BEGIN
context
  fixes n :: "nat \<Rightarrow> 'v::euclidean_space" and c :: "nat \<Rightarrow> real" and A :: "nat set"
  assumes nonempty: "{x. \<forall>i\<in>A. n i \<bullet> x = c i} \<noteq> {}"
begin

lemma translate_affine_eq_iff:
  "translate g {x. \<forall>i\<in>A. n i \<bullet> x = c i} = {x. \<forall>i\<in>A. n i \<bullet> x = c i} \<longleftrightarrow> g \<in> null_space n A"
  (is "translate g ?X = ?X \<longleftrightarrow> _")
proof
  obtain p where p: "p \<in> ?X" using nonempty by blast
  assume "translate g ?X = ?X"
  then have "p + g \<in> ?X" using p unfolding translate_eq by auto
  then show "g \<in> null_space n A" using p unfolding null_space_def by (auto simp: inner_add_right)
next
  assume "g \<in> null_space n A"
  then show "translate g ?X = ?X"
    unfolding translate_eq null_space_def by (auto simp: inner_diff_right)
qed

lemma aff_dim_affine_eq_dim_null_space:
  "aff_dim {x. \<forall>i\<in>A. n i \<bullet> x = c i} = int (dim (null_space n A))"
  (is "aff_dim ?X = _")
proof -
  obtain p where p: "p \<in> ?X" using nonempty by blast
  have "(+) (- p) ` ?X = translate (- p) ?X"
    unfolding translate_def by (simp add: add.commute)
  also have "\<dots> = null_space n A"
    using p unfolding translate_eq null_space_def by (auto simp: inner_add_right)
  finally have "(+) (- p) ` ?X = null_space n A" .
  then show ?thesis using aff_dim_eq_dim[OF hull_inc[OF p]] by simp
qed

end

lemma independent_family_if_dim_null_space:
  fixes n :: "nat \<Rightarrow> 'v::euclidean_space"
  assumes A: "finite A" and dim: "dim (null_space n A) + card A = DIM('v)"
  shows "independent_family n A"
proof -
  have "{y \<in> UNIV. \<forall>x\<in>span (n ` A). orthogonal x y} = null_space n A"
    unfolding null_space_def orthogonal_def
    by (auto intro: span_base dest: orthogonal_to_span[unfolded orthogonal_def] simp: inner_commute)
  then have "dim (null_space n A) + dim (n ` A) = DIM('v)"
    using dim_subspace_orthogonal_to_vectors[OF subspace_span subspace_UNIV subset_UNIV, of "n ` A"]
    by simp
  then have dimA: "dim (n ` A) = card A" using dim by linarith
  moreover have "dim (n ` A) \<le> card (n ` A)" using A by (intro dim_le_card[OF span_superset]) simp
  moreover have "card (n ` A) \<le> card A" using A by (rule card_image_le)
  ultimately have "card (n ` A) = card A" "card (n ` A) = dim (n ` A)" by linarith+
  then show ?thesis
    unfolding independent_family_def
    using eq_card_imp_inj_on[OF A] card_eq_dim[OF subset_refl, of "n ` A"] span_superset A
    by (metis finite_imageI)
qed

lemma in_Q_span_if_multiples_in_finitely_many_cosets:
  assumes P: "finite P" and covered: "\<And>k::nat. z + of_nat k *\<^sub>R v \<in> {p + g | p g. p \<in> P \<and> g \<in> int_span B}"
  shows "v \<in> Q.span (int_span B)"
proof -
  have "\<exists>p. p \<in> P \<and> z + of_nat k *\<^sub>R v - p \<in> int_span B" for k
    using covered[of k] by force
  then obtain p where p: "\<And>k. p k \<in> P" "\<And>k. z + of_nat k *\<^sub>R v - p k \<in> int_span B"
    by metis
  have "\<not> inj_on p {..card P}"
  proof (rule pigeonhole)
    show "card (p ` {..card P}) < card {..card P}"
      using card_mono[OF P, of "p ` {..card P}"] p(1) by (simp add: image_subset_iff less_Suc_eq_le)
  qed
  then obtain k1 k2 where k: "k1 \<noteq> k2" "p k1 = p k2" unfolding inj_on_def by blast
  then have "(z + of_nat k1 *\<^sub>R v - p k1) - (z + of_nat k2 *\<^sub>R v - p k2) = (of_nat k1 - of_nat k2) *\<^sub>R v"
    by (simp add: scaleR_diff_left)
  then have "(of_nat k1 - of_nat k2) *\<^sub>R v \<in> int_span B"
    using int_span_diff[OF p(2) p(2)] by metis
  then have "scaleQ (1 / (of_nat k1 - of_nat k2)) ((of_nat k1 - of_nat k2) *\<^sub>R v) \<in> Q.span (int_span B)"
    by (intro Q.span_scale Q.span_base)
  then show ?thesis using k(1) by (simp add: scaleQ_def of_rat_divide of_rat_diff)
qed

section \<open>Periodic hyperplane arrangements\<close>

lemma Q_linear_scaled_inner: "Vector_Spaces.linear scaleQ scaleQ (\<lambda>x. (a \<bullet> x) *\<^sub>R b)"
  by (intro linear_imp_Q_linear) (simp add: linear_iff inner_add_right scaleR_add_left)

lemma Q_dim_zero: "Q.dim {0::'a::real_vector} = 0"
  using Q.dim_span[of "{} :: 'a set"] Q.dim_eq_card_independent[OF Q.independent_empty] by simp

locale periodic_arrangement =
  fixes \<Gamma> \<Gamma>0 :: "'v::euclidean_space set" and C :: "'v set set"
    and n :: "nat \<Rightarrow> 'v" and c :: "nat \<Rightarrow> real" and I :: "nat set" and P :: "'v set"
  assumes \<Gamma>_generated: "finite \<Gamma>0" "\<Gamma> = int_span \<Gamma>0"
    and C_invariant: "\<And>H g. H \<in> C \<Longrightarrow> g \<in> \<Gamma> \<Longrightarrow> translate g H \<in> C"
    and hyperplanes_in_C: "\<And>i. i \<in> I \<Longrightarrow> {x. n i \<bullet> x = c i} \<in> C"
    and vertex_orbits: "finite P" "vertex_set DIM('v) C \<subseteq> {p + g | p g. p \<in> P \<and> g \<in> \<Gamma>}"
begin
(* Let $(\mathcal{C},\mathbb{E},\mathfrak{s})$ be an extriangulated category with enough injective objects and enough projective objects, and let $(\mathcal{I},\mathcal{J})$ be an $\mathbb{E}$-cotorsion pair of ideals. Then the following statements are equivalent: (1) $(\mathcal{I},\mathcal{J})$ is a complete $\mathbb{E}$-cotorsion pair; (2) $\mathcal{I}$ is a special precovering ideal; (3) there is an additive subfunctor $\mathbb{F}\subseteq\mathbb{E}$ having enough special injective morphisms with $\mathcal{I}=\mathrm{Ph}(\mathbb{F})$; (4) there is an additive subfunctor $\mathbb{F}\subseteq\mathbb{E}$ having enough special projective morphisms with $\mathcal{I}=\mathbb{F}\text{-}\mathrm{proj}$; (5) $\mathcal{I}^\star$ has enough special injective morphisms and $\mathcal{I}=\mathrm{Ph}(\mathcal{I}^\star)$; (6) $\mathcal{J}_\star$ has enough special projective morphisms and $\mathcal{I}=\mathcal{J}_\star\text{-}\mathrm{proj}$; (7) $\mathcal{J}$ is a special preenveloping ideal; (8) there is an additive subfunctor $\mathbb{F}\subseteq\mathbb{E}$ having enough special projective morphisms with $\mathcal{J}=\mathrm{Coph}(\mathbb{F})$; (9) there is an additive subfunctor $\mathbb{F}\subseteq\mathbb{E}$ having enough special injective morphisms with $\mathcal{J}=\mathbb{F}\text{-}\mathrm{inj}$; (10) $\mathcal{J}_\star$ has enough special projective morphisms and $\mathcal{J}=\mathrm{Coph}(\mathcal{J}_\star)$; (11) $\mathcal{I}^\star$ has enough special injective morphisms and $\mathcal{J}=\mathcal{I}^\star\text{-}\mathrm{inj}$.
   Context: An extriangulated category $(\mathcal{C},\mathbb{E},\mathfrak{s})$ (Nakaoka–Palu): additive $\mathcal{C}$, biadditive $\mathbb{E}:\mathcal{C}^{\mathrm{op}}\times\mathcal{C}\to\mathrm{Ab}$, additive realization $\mathfrak{s}$ assigning to each $\delta\in\mathbb{E}(C,A)$ an equivalence class of sequences $A\to B\to C$, forming $\mathbb{E}$-triangles $A\to B\to C\overset{\delta}{\dashrightarrow}$, satisfying (ET1)–(ET4), (ET3)$^{\mathrm{op}}$, (ET4)$^{\mathrm{op}}$. Notation $a_\star\delta=\mathbb{E}(C,a)(\delta)$, $c^\star\delta=\mathbb{E}(c,A)(\delta)$; a morphism of $\mathbb{E}$-triangles is a commuting triple $(a,b,c)$ with $a_\star\delta=c^\star\delta'$. Injective object $E$: $\mathbb{E}(C,E)=0$ for all $C$; projective object $P$: $\mathbb{E}(P,A)=0$ for all $A$; enough injectives: every $A$ admits an $\mathbb{E}$-triangle $A\to E\to C\overset{\delta}{\dashrightarrow}$, $E$ injective; enough projectives: every $C$ admits $K\to P\to C\overset{\delta}{\dashrightarrow}$, $P$ projective. Ideal: class of morphisms with zeros, closed under sums and two-sided composition. Additive subfunctor $\mathbb{F}$: subgroups $\mathbb{F}(C,A)\subseteq\mathbb{E}(C,A)$ stable under $a_\star,c^\star$; $\mathbb{F}$-triangles have extension in $\mathbb{F}$. $\mathrm{Ph}(\mathbb{F})$: morphisms $\varphi:X\to C$ with $\varphi^\star\delta\in\mathbb{F}$ for all $\delta\in\mathbb{E}(C,A)$; $\mathrm{Coph}(\mathbb{F})$: morphisms $\psi:A\to Y$ with $\psi_\star\delta\in\mathbb{F}$ for all $\delta\in\mathbb{E}(C,A)$. $\mathbb{F}\text{-}\mathrm{inj}$: $i:A\to Y$ with $i_\star\delta=0$ for all $\delta\in\mathbb{F}(C,A)$; $\mathbb{F}\text{-}\mathrm{proj}$: $p:X\to C$ with $p^\star\delta=0$ for all $\delta\in\mathbb{F}(C,A)$. For an ideal $\mathcal{I}$: $\mathcal{I}^\star=\{i^\star\delta\}$, $\mathcal{I}_\star=\{i_\star\delta\}$ ($i\in\mathcal{I}$, $\delta$ any composable $\mathbb{E}$-extension), additive subfunctors of $\mathbb{E}$. $\mathbb{F}$ has enough special injective morphisms: every $A$ admits an $\mathbb{F}$-triangle $A\xrightarrow{e}B\to C\overset{\delta}{\dashrightarrow}$ with $e\in\mathbb{F}\text{-}\mathrm{inj}$, an $\mathbb{E}$-triangle $A\to B'\to C'\overset{\delta'}{\dashrightarrow}$ and a morphism $(\mathrm{id}_A,b,\varphi)$ from the former to the latter with $\varphi\in\mathrm{Ph}(\mathbb{F})$. Dually, enough special projective morphisms: every $C$ admits an $\mathbb{F}$-triangle $K\to B\xrightarrow{p}C\overset{\delta}{\dashrightarrow}$ with $p\in\mathbb{F}\text{-}\mathrm{proj}$, an $\mathbb{E}$-triangle $K'\to B'\to C\overset{\delta'}{\dashrightarrow}$ and a morphism $(\psi,b,\mathrm{id}_C)$ from the latter to the former with $\psi\in\mathrm{Coph}(\mathbb{F})$. $\mathcal{M}^{\perp_{\mathbb{E}}}=\{g:A\to Y\mid m^\star g_\star\delta=0\ \forall m\in\mathcal{M},\,m:X\to C,\ \forall\delta\in\mathbb{E}(C,A)\}$; ${}^{\perp_{\mathbb{E}}}\mathcal{M}$ defined by $g^\star m_\star\delta=0$. $\mathbb{E}$-cotorsion pair: $\mathcal{I}={}^{\perp_{\mathbb{E}}}\mathcal{J}$, $\mathcal{J}=\mathcal{I}^{\perp_{\mathbb{E}}}$; complete if $\mathcal{I}$ special precovering and $\mathcal{J}$ special preenveloping. Special $\mathcal{I}$-precover of $C$: $i:X\to C$ in $\mathcal{I}$ with $\mathbb{E}$-triangles $A\to B\to C\overset{\delta}{\dashrightarrow}$, $A'\to X\xrightarrow{i}C\overset{\delta'}{\dashrightarrow}$ and a morphism $(j,b,\mathrm{id}_C)$, $j\in\mathcal{I}^{\perp_{\mathbb{E}}}$. Special $\mathcal{J}$-preenvelope of $A$: $e:A\to X$ in $\mathcal{J}$ with $\mathbb{E}$-triangles $A\xrightarrow{e}X\to Y\overset{\delta}{\dashrightarrow}$, $A\to B\to C\overset{\delta'}{\dashrightarrow}$ and a morphism $(\mathrm{id}_A,b,j)$, $j\in{}^{\perp_{\mathbb{E}}}\mathcal{J}$. Special precovering/preenveloping ideal: every object has one. *)

theory Defs
  imports "HOL-Algebra.Group"
begin
theorem theorem3p10:
  fixes a b :: nat and k :: int
  assumes "1 \<le> a" and "1 \<le> b" and "1 - int a \<le> k" and "k \<le> int b - 1"
  shows "stat_equiv (rect a b) rect_le
           (\<lambda>I. \<Sum>p\<in>{(i, j) \<in> rect a b. int j - int i = k}. ind p I)
           (\<lambda>I. if k \<ge> 0 then real a * (real b - of_int k) / (real a + real b)
                else real b * (real a + of_int k) / (real a + real b))"
  unfolding stat_equiv_def rect_le_eq_less_eq
proof (intro exI ballI)
  let ?g = "green a b k"
  fix I assume I: "I \<in> order_ideals (rect a b) (\<le>)"
  have boundary: "?g (- int a) = 0" "?g (int b) = 0"
    using assms by (simp_all add: green_def tent_def)
  have at_zero: "?g 0 = - (if k \<ge> 0 then real a * (real b - of_int k) / (real a + real b)
                           else real b * (real a + of_int k) / (real a + real b))"
    by (cases "0 \<le> k") (simp_all add: green_def tent_def)
  have "(\<Sum>y\<in>rect a b. ?g (content y) * toggle (rect a b) (\<le>) y I)
      = ?g 0 + (\<Sum>x\<in>I. if content x = k then 1 else 0)"
    using weighted_toggle_sum_rect[OF boundary I] green_second_difference assms by simp
  also have "\<dots> = ?g 0 + (\<Sum>p\<in>{(i, j) \<in> rect a b. int j - int i = k}. ind p I)"
    using sum_ind_diagonal[OF order_ideals_subset[OF I]] by simp
  finally show "(\<Sum>p\<in>{(i, j) \<in> rect a b. int j - int i = k}. ind p I)
      - (if k \<ge> 0 then real a * (real b - of_int k) / (real a + real b)
         else real b * (real a + of_int k) / (real a + real b))
      = (\<Sum>y\<in>rect a b. ?g (content y) * toggle (rect a b) (\<le>) y I)"
    unfolding at_zero by simp
qed

end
END
▶ WORK REQUIRED
Please show every line of the entries above that contains the word "thesis".

▶ ANSWER SECTION
  then show ?thesis using aff_dim_eq_dim[OF hull_inc[OF p]] by simp
  then show ?thesis
  then show ?thesis using k(1) by (simp add: scaleQ_def of_rat_divide of_rat_diff)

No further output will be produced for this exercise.